RECORD EXTRACTS —
———
theorem mainTheorem4:
  fixes r0 g0 ginf :: complex
  defines "g1 \<equiv> - g0 - ginf"
  shows "(r0 \<noteq> 0 \<longrightarrow>
           (\<exists>\<epsilon>>0. \<forall>t z. norm t < \<epsilon> \<and> norm z < \<epsilon> \<longrightarrow>
              gkp_egf_term (- r0) 1 g0 0 (- 1) ginf t z sums
                (((1 + r0 * z) powr (1 / r0)) powr g0
                 * ((1 - t) + t * (1 + r0 * z) powr (1 / r0)) powr ginf)
            \<and> ((1 + r0 * z) powr (1 / r0)) powr g0
                 * ((1 - t) + t * (1 + r0 * z) powr (1 / r0)) powr ginf
              = (t + (1 - t) * (1 + r0 * z) powr (- 1 / r0)) powr (- g0)
                 * ((1 - t) + t * (1 + r0 * z) powr (1 / r0)) powr (- g1)))
       \<and> (r0 = 0 \<longrightarrow>
           (\<exists>\<epsilon>>0. \<forall>t z. norm t < \<epsilon> \<and> norm z < \<epsilon> \<longrightarrow>
              gkp_egf_term (- r0) 1 g0 0 (- 1) ginf t z sums
                (exp (g0 * z) * ((1 - t) + t * exp z) powr ginf)))"
proof -
  have "- g1 = g0 + ginf"
    by (simp add: g1_def)
  then show ?thesis
    using gkp_egf_closed_form_r0_nonzero[of r0] gkp_egf_closed_form_r0_zero
    by (intro conjI impI exI[of _ "min (1/4) (1 / (2 * norm r0 + 1))"] allI) (auto simp: add_nonneg_pos)
qed

end
instance padic_int :: (prime_card) idom
proof
  fix a b :: "'a padic_int"
  assume "a \<noteq> 0" "b \<noteq> 0"
  then show "a * b \<noteq> 0"
  proof transfer
    fix f g :: "nat \<Rightarrow> int"
    assume "f \<in> padic_seqs (int CARD('a))" "g \<in> padic_seqs (int CARD('a))"
      "f \<noteq> (\<lambda>_. 0)" "g \<noteq> (\<lambda>_. 0)"
    moreover have "prime (int CARD('a))" using prime_card by simp
    ultimately show "(\<lambda>n. (f n * g n) mod int CARD('a) ^ n) \<noteq> (\<lambda>_. 0)"
      using padic_seqs_no_zero_divisors by blast
  qed
qed

type_synonym 'p padic = "'p padic_int fract"


section \<open>The free nilpotent Z_p-Lie algebra of class c, inside its Q_p-span\<close>

text \<open>Model (Magnus/Witt embedding): L_c(X) is realised as the Z_p-Lie subring generated by X
  inside the truncated free associative Q_p-algebra on X, whose elements are coefficient functions
  on words (lists over X); products of words of length > c are truncated to 0, and the bracket is
  the commutator [u,v] = uv - vu.  The Q_p-span of this Lie ring is L_c(X) \<otimes> Q_p.\<close>

type_synonym ('p, 'x) tens = "'x list \<Rightarrow> 'p padic"

definition prime_p :: "'p::prime_card padic" where
  "prime_p = of_nat CARD('p)"

definition tzero :: "('p::prime_card, 'x) tens" where
  "tzero = (\<lambda>_. 0)"

definition tadd :: "('p::prime_card, 'x) tens \<Rightarrow> ('p, 'x) tens \<Rightarrow> ('p, 'x) tens" where
  "tadd u v = (\<lambda>w. u w + v w)"

definition tscale :: "'p::prime_card padic \<Rightarrow> ('p, 'x) tens \<Rightarrow> ('p, 'x) tens" where
  "tscale q u = (\<lambda>w. q * u w)"

definition tgen :: "'x \<Rightarrow> ('p::prime_card, 'x) tens" where
  "tgen x = (\<lambda>w. if w = [x] then 1 else 0)"

definition tmul :: "nat \<Rightarrow> ('p::prime_card, 'x) tens \<Rightarrow> ('p, 'x) tens \<Rightarrow> ('p, 'x) tens" where
  "tmul c u v = (\<lambda>w. if length w \<le> c then (\<Sum>i\<le>length w. u (take i w) * v (drop i w)) else 0)"

definition lie_br :: "nat \<Rightarrow> ('p::prime_card, 'x) tens \<Rightarrow> ('p, 'x) tens \<Rightarrow> ('p, 'x) tens" where
  "lie_br c u v = (\<lambda>w. tmul c u v w - tmul c v u w)"

inductive_set zp_span :: "('p::prime_card, 'x) tens set \<Rightarrow> ('p, 'x) tens set"
  for S :: "('p, 'x) tens set" where
  zero: "tzero \<in> zp_span S"
| base: "s \<in> S \<Longrightarrow> s \<in> zp_span S"
| add: "u \<in> zp_span S \<Longrightarrow> v \<in> zp_span S \<Longrightarrow> tadd u v \<in> zp_span S"
| smul: "u \<in> zp_span S \<Longrightarrow> tscale (to_fract a) u \<in> zp_span S"

inductive_set free_nil_lie :: "nat \<Rightarrow> 'x set \<Rightarrow> ('p::prime_card, 'x) tens set"
  for c :: nat and X :: "'x set" where
  gen: "x \<in> X \<Longrightarrow> tgen x \<in> free_nil_lie c X"
| zero: "tzero \<in> free_nil_lie c X"
| add: "u \<in> free_nil_lie c X \<Longrightarrow> v \<in> free_nil_lie c X \<Longrightarrow> tadd u v \<in> free_nil_lie c X"
| smul: "u \<in> free_nil_lie c X \<Longrightarrow> tscale (to_fract a) u \<in> free_nil_lie c X"
| br: "u \<in> free_nil_lie c X \<Longrightarrow> v \<in> free_nil_lie c X \<Longrightarrow> lie_br c u v \<in> free_nil_lie c X"

definition bracket_set :: "nat \<Rightarrow> ('p::prime_card, 'x) tens set \<Rightarrow> ('p, 'x) tens set \<Rightarrow> ('p, 'x) tens set" where
  "bracket_set c A B = zp_span {lie_br c a b | a b. a \<in> A \<and> b \<in> B}"

primrec iter_bracket :: "nat \<Rightarrow> ('p::prime_card, 'x) tens set \<Rightarrow> ('p, 'x) tens set \<Rightarrow> nat \<Rightarrow> ('p, 'x) tens set" where
  "iter_bracket c I L 0 = I"
| "iter_bracket c I L (Suc i) = bracket_set c (iter_bracket c I L i) L"

definition gamma :: "nat \<Rightarrow> ('p::prime_card, 'x) tens set \<Rightarrow> nat \<Rightarrow> ('p, 'x) tens set" where
  "gamma c L i = iter_bracket c L L (i - 1)"

definition set_add :: "('p::prime_card, 'x) tens set \<Rightarrow> ('p, 'x) tens set \<Rightarrow> ('p, 'x) tens set" where
  "set_add A B = {tadd a b | a b. a \<in> A \<and> b \<in> B}"

primrec sum_sets :: "(nat \<Rightarrow> ('p::prime_card, 'x) tens set) \<Rightarrow> nat \<Rightarrow> ('p, 'x) tens set" where
  "sum_sets F 0 = {tzero}"
| "sum_sets F (Suc n) = set_add (sum_sets F n) (F n)"

definition hat_L :: "nat \<Rightarrow> ('p::prime_card, 'x) tens set \<Rightarrow> ('p, 'x) tens set" where
  "hat_L c L = sum_sets (\<lambda>i. tscale (inverse (prime_p ^ i)) ` gamma c L (Suc i)) c"

definition hat_ideal :: "nat \<Rightarrow> ('p::prime_card, 'x) tens set \<Rightarrow> ('p, 'x) tens set \<Rightarrow> ('p, 'x) tens set" where
  "hat_ideal c L I = sum_sets (\<lambda>i. tscale (inverse (prime_p ^ i)) ` iter_bracket c I L i) c"

definition zp_submodule :: "('p::prime_card, 'x) tens set \<Rightarrow> bool" where
  "zp_submodule S \<longleftrightarrow> tzero \<in> S \<and> (\<forall>u\<in>S. \<forall>v\<in>S. tadd u v \<in> S)
     \<and> (\<forall>a u. u \<in> S \<longrightarrow> tscale (to_fract a) u \<in> S)"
———
PROMPT — Which lines in the records above contain the string "tzero"? Copy them.

WRITTEN ANSWER —
definition tzero :: "('p::prime_card, 'x) tens" where
  "tzero = (\<lambda>_. 0)"
  zero: "tzero \<in> zp_span S"
| zero: "tzero \<in> free_nil_lie c X"
  "sum_sets F 0 = {tzero}"
  "zp_submodule S \<longleftrightarrow> tzero \<in> S \<and> (\<forall>u\<in>S. \<forall>v\<in>S. tadd u v \<in> S)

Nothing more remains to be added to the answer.